- EXERCISE DIRECTIONS:
A single number is required: how many lines below include the string "lemma".

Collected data
lemma monomial_deriv_bound_nonneg: "0 \<le> r \<Longrightarrow> 0 \<le> monomial_deriv_bound \<beta> r \<kappa>"
  unfolding monomial_deriv_bound_def by (intro prod_nonneg pow_deriv_nonneg)

lemma abs_monomial_deriv_le:
  assumes "dist y p0 \<le> r"
  shows "\<bar>monomial_deriv \<beta> \<kappa> p0 y\<bar> \<le> monomial_deriv_bound \<beta> r \<kappa>"
proof -
  have "\<bar>coord w y - coord w p0\<bar> \<le> r" for w
    using abs_coord_le[of w "y - p0"] assms by (cases w) (simp_all add: dist_norm)
  then show ?thesis
    unfolding monomial_deriv_def monomial_deriv_bound_def abs_prod
    by (intro prod_mono conjI abs_pow_deriv_le) auto
qed

text \<open>Differentiating a power series shrinks its domain of absolute convergence only by an
  arbitrarily small amount.\<close>
lemma summable_on_monomial_deriv_bound:
  assumes sm: "(\<lambda>\<kappa>. monomial_deriv_bound (\<lambda>_. 0) r \<kappa> * M \<kappa>) summable_on UNIV"
    and M: "\<And>\<kappa>. 0 \<le> M \<kappa>" and r1: "0 < r1" "r1 < r"
  shows "(\<lambda>\<kappa>. monomial_deriv_bound \<beta> r1 \<kappa> * M \<kappa>) summable_on UNIV"
proof -
  obtain K where K: "\<And>b k. pow_deriv b k r1 \<le> K b * r ^ k"
    using pow_deriv_le_geometric[OF r1] by metis
  have K0: "0 \<le> K b" for b
    using K[of b 0] pow_deriv_nonneg[of r1 b 0] r1 by simp
  have le: "monomial_deriv_bound \<beta> r1 \<kappa> \<le> (\<Prod>w\<in>UNIV. K (\<beta> w)) * monomial_deriv_bound (\<lambda>_. 0) r \<kappa>" for \<kappa>
  proof -
    have "monomial_deriv_bound \<beta> r1 \<kappa> \<le> (\<Prod>w\<in>UNIV. K (\<beta> w) * r ^ exponent \<kappa> w)"
      unfolding monomial_deriv_bound_def using r1 by (intro prod_mono conjI K pow_deriv_nonneg) auto
    then show ?thesis by (simp add: monomial_deriv_bound_def prod.distrib)
  qed
  have "(\<lambda>\<kappa>. (\<Prod>w\<in>UNIV. K (\<beta> w)) * (monomial_deriv_bound (\<lambda>_. 0) r \<kappa> * M \<kappa>)) summable_on UNIV"
    by (intro summable_on_cmult_right sm)
  then show ?thesis
  proof (rule summable_on_comparison_test)
    fix \<kappa>
    show "monomial_deriv_bound \<beta> r1 \<kappa> * M \<kappa> \<le> (\<Prod>w\<in>UNIV. K (\<beta> w)) * (monomial_deriv_bound (\<lambda>_. 0) r \<kappa> * M \<kappa>)"
      using le[of \<kappa>] M[of \<kappa>] by (simp add: mult.assoc[symmetric] mult_right_mono)
    show "0 \<le> monomial_deriv_bound \<beta> r1 \<kappa> * M \<kappa>"
      using r1 by (intro mult_nonneg_nonneg monomial_deriv_bound_nonneg M) simp
  qed
qed

lemma has_derivative_monomial_deriv:
  fixes p0 :: "(real^'d) \<times> real"
  shows "(monomial_deriv \<beta> \<kappa> p0 has_derivative
           (\<lambda>h. \<Sum>w\<in>UNIV. coord w h * monomial_deriv (\<beta>(w := Suc (\<beta> w))) \<kappa> p0 y0)) (at y0 within S)"
proof -
  define g where "g \<beta> w y = pow_deriv (\<beta> w) (exponent \<kappa> w) (coord w y - coord w p0)" for \<beta> w y
  have "(g \<beta> w has_derivative (\<lambda>h. coord w h * g (\<beta>(w := Suc (\<beta> w))) w y0)) (at y0 within S)" for w
  proof -
    have "((\<lambda>y. coord w y - coord w p0) has_derivative (\<lambda>h. coord w h - 0)) (at y0 within S)"
      by (intro has_derivative_diff bounded_linear_imp_has_derivative bounded_linear_coord has_derivative_const)
    from has_derivative_compose[OF this has_real_derivative_pow_deriv[unfolded has_field_derivative_def]]
    show ?thesis unfolding g_def[abs_def] by (simp add: mult.commute)
  qed
  then have "((\<lambda>y. \<Prod>w\<in>UNIV. g \<beta> w y) has_derivative
      (\<lambda>h. \<Sum>w\<in>UNIV. coord w h * g (\<beta>(w := Suc (\<beta> w))) w y0 * (\<Prod>v\<in>UNIV - {w}. g \<beta> v y0))) (at y0 within S)"
    by (rule has_derivative_prod)
  moreover have "g (\<beta>(w := Suc (\<beta> w))) w y0 * (\<Prod>v\<in>UNIV - {w}. g \<beta> v y0)
      = monomial_deriv (\<beta>(w := Suc (\<beta> w))) \<kappa> p0 y0" for w
    unfolding monomial_deriv_def by (subst prod.remove[of _ w]) (auto simp: g_def intro!: prod.cong)
  ultimately show ?thesis by (simp add: monomial_deriv_def[abs_def] g_def mult.assoc)
qed

definition series_deriv :: "(('d \<Rightarrow> nat) \<times> nat \<Rightarrow> 'b::real_normed_vector) \<Rightarrow> ('d option \<Rightarrow> nat)
    \<Rightarrow> (real^'d) \<times> real \<Rightarrow> (real^'d) \<times> real \<Rightarrow> 'b" where
  "series_deriv c \<beta> p0 y = (\<Sum>\<^sub>\<infinity>\<kappa>. monomial_deriv \<beta> \<kappa> p0 y *\<^sub>R c \<kappa>)"

text \<open>The term-by-term differentiation theorem \<open>has_derivative_series\<close> of the library is
  stated for series indexed by nat.\<close>
definition exponent_enum :: "nat \<Rightarrow> ('d::finite \<Rightarrow> nat) \<times> nat" where
  "exponent_enum = from_nat_into UNIV"

lemma bij_exponent_enum: "bij_betw exponent_enum UNIV UNIV"
  unfolding exponent_enum_def by (intro bij_betw_from_nat_into countableI_type) (simp add: finite_prod)

lemma sums_exponent_enum:
  fixes f :: "('d::finite \<Rightarrow> nat) \<times> nat \<Rightarrow> 'b::banach"
  assumes M: "M summable_on UNIV" and f: "\<And>\<kappa>. norm (f \<kappa>) \<le> M \<kappa>"
  shows "(\<lambda>n. f (exponent_enum n)) sums (\<Sum>\<^sub>\<infinity>\<kappa>. f \<kappa>)" "summable (\<lambda>n. M (exponent_enum n))"
proof -
  have M0: "0 \<le> M \<kappa>" for \<kappa> using order_trans[OF norm_ge_zero f] .
  have "(\<lambda>\<kappa>. norm (M \<kappa>)) summable_on UNIV"
    using M summable_on_iff_abs_summable_on_real by blast
  then have "(\<lambda>\<kappa>. norm (f \<kappa>)) summable_on UNIV"
    by (rule Infinite_Sum.abs_summable_on_comparison_test) (use f M0 in auto)
  then have "(f has_sum (\<Sum>\<^sub>\<infinity>\<kappa>. f \<kappa>)) UNIV" by (rule has_sum_infsum[OF abs_summable_summable])
  then have "((\<lambda>n. f (exponent_enum n)) has_sum (\<Sum>\<^sub>\<infinity>\<kappa>. f \<kappa>)) UNIV"
    using has_sum_reindex_bij_betw[OF bij_exponent_enum] by blast
  then show "(\<lambda>n. f (exponent_enum n)) sums (\<Sum>\<^sub>\<infinity>\<kappa>. f \<kappa>)" by (rule has_sum_imp_sums)
  have "(M has_sum (\<Sum>\<^sub>\<infinity>\<kappa>. M \<kappa>)) UNIV" using M by (rule has_sum_infsum)
  then have "((\<lambda>n. M (exponent_enum n)) has_sum (\<Sum>\<^sub>\<infinity>\<kappa>. M \<kappa>)) UNIV"
    using has_sum_reindex_bij_betw[OF bij_exponent_enum] by blast
  then show "summable (\<lambda>n. M (exponent_enum n))" using has_sum_imp_sums sums_summable by blast
qed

- EXERCISE ANSWER:
6